Test Driven: 2012 BMW 135i

BMW has made its fortune on being a performance brand, and the 135i is the cheapest way to get the N55B30 engine in BMW’s lineup.  The 1-Series has been around since 2008 in America, and has been reasonably successful in the USA.  Since I felt like seeing what the turbocharged inline six felt like in BMW’s lightest 4-place car, the 1-Series was a natural fit.  I was not disappointed.

The test vehicle in question was a black metallic 2012 135 coupe with a black interior.  The car I drove was also remarkably low-optioned, with leather seats, heated front seats, an anti-theft alarm, and Bluetooth–no packages.  The 1-Series starts at $31,200 for the 128i and $39,300 for the 135i, which is cheaper than the equivalent 3-Series coupe but still rather pricey (the test car cost approximately $45K, close to the current price for a 335i coupe).  The 135i is a fairly nice car, however–the exterior has been done very well (it is in some ways a throwback to the old 2002) and the body looks well-trimmed and muscular, with short and chunky lines.  The interior is typical BMW, with the entire car designed around the driver.  Everything is well-positioned and nothing feels cheap–and for nearly 40 grand, that’s a requirement.  The seats are snug and the driving position is good, with the steering wheel placed so no instruments are cut off.  The back seats are better off for children or groceries–even with my driving position, there’s not a lot of room at all.  Trunk space is acceptable for a car this size.  Quality is all there as well, with no cheap materials invading the interior.  Sightlines are very good in this car as well, with few blind spots thanks to the thin pillars.

Under the hood lies the treat of this car.  The 135i packs a wallop, in the form of a 3.0L, 300hp twin-turbocharged inline-six engine, shared with almost every other BMW product.  A six-speed manual is still standard, with new dual-clutch 7-speed transmission as a $450 extra.  2012 brought a whole new bag of little changes like bodywork and rims, but the engine still remains.

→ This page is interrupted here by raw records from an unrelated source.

lemma IntD_counting: "(int m - 1) * int n * (int k - 1 - lam1) = (int n - 1) * mu1"
proof -
  have "n \<le> m * n"
    using m_pos by simp
  then have sk: "int (s * k) = (int m - 1) * int n"
    using s_times_k_eq by (metis of_nat_diff of_nat_mult left_diff_distrib' mult_1)
  have "set_mset (IntD G A) \<subseteq> set_mset (Delta G (carrier G - H))"
    by (simp flip: IntD_plus_ExtD_eq)
  also have "\<dots> \<subseteq> carrier G - {\<one>}"
    by (rule set_mset_Delta) auto
  finally have supp: "set_mset (IntD G A) \<subseteq> carrier G - {\<one>}" .
  have "int (s * k) * (int k - 1) = int (size (IntD G A))"
    using size_IntD[OF finite_A finite_block card_block, of G] card_A by (cases k) (simp_all add: algebra_simps)
  also have "\<dots> = (\<Sum>g\<in>carrier G - {\<one>}. int (count (IntD G A) g))"
    using size_eq_sum_count[OF _ supp] finite_carrier by (simp flip: of_nat_sum)
  also have "carrier G - {\<one>} = (carrier G - H) \<union> (H - {\<one>})"
    using H_subset one_in_H by auto
  also have "(\<Sum>g\<in>(carrier G - H) \<union> (H - {\<one>}). int (count (IntD G A) g))
      = (\<Sum>g\<in>carrier G - H. int (count (IntD G A) g)) + (\<Sum>g\<in>H - {\<one>}. int (count (IntD G A) g))"
    using finite_carrier finite_H by (intro sum.union_disjoint) auto
  also have "\<dots> = int (s * k) * lam1 + int (n - 1) * mu1"
    using count_IntD_complement count_IntD_H card_complement_H card_H_minus_one s_times_k_eq by simp
  finally show ?thesis
    unfolding sk using n_pos by (simp add: of_nat_diff algebra_simps)
qed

At normal speeds, it feels suspiciously like a normal BMW, with no indications in street traffic that it’s got 300hp sitting in the front.  Of course, with a more liberal application of the throttle, this car wakes up instantly–on a local on-ramp, the little coupe simply tore its way up to nearly 90mph without ever feeling out of breath.  The dual-clutch works great too, with well-weighted paddle shifters and excellent shift times.  It’s a little expensive and looks a bit like a toy, but thanks to its low curb weight, the 135i feels quite fast once you bury the pedal into the mats.

The chassis is set up quite nicely too.  The brakes are well-engineered and very consistent, while the ride quality is great.  The tires are runflats, which aren’t my first choice, but they still have more then enough grip for their size.  It steers beautifully, with just enough weight in the power steering and a great amount of feedback.  The small steering wheel also gives a feeling of complete control.  Around corners, the 135i is nimble and controlled, with little body lean even on the non-Sport suspension settings.  All in all, the 135i gives the driver a feeling of utter calm, as its chassis and engine are well-matched.  For 45 large, it’s not cheap for a car this size, but it’s a great car nonetheless.  From a performance standpoint, I love it–but from a value standpoint, I think it needs help, as when the options start to add up, the cost can skyrocket and the size of the car becomes a real issue next to the 335i, the audi S5 coupe, and the Infiniti G37 2-door.  If you believe the thrill is worth the cost of entry, then the 135i will not disappoint.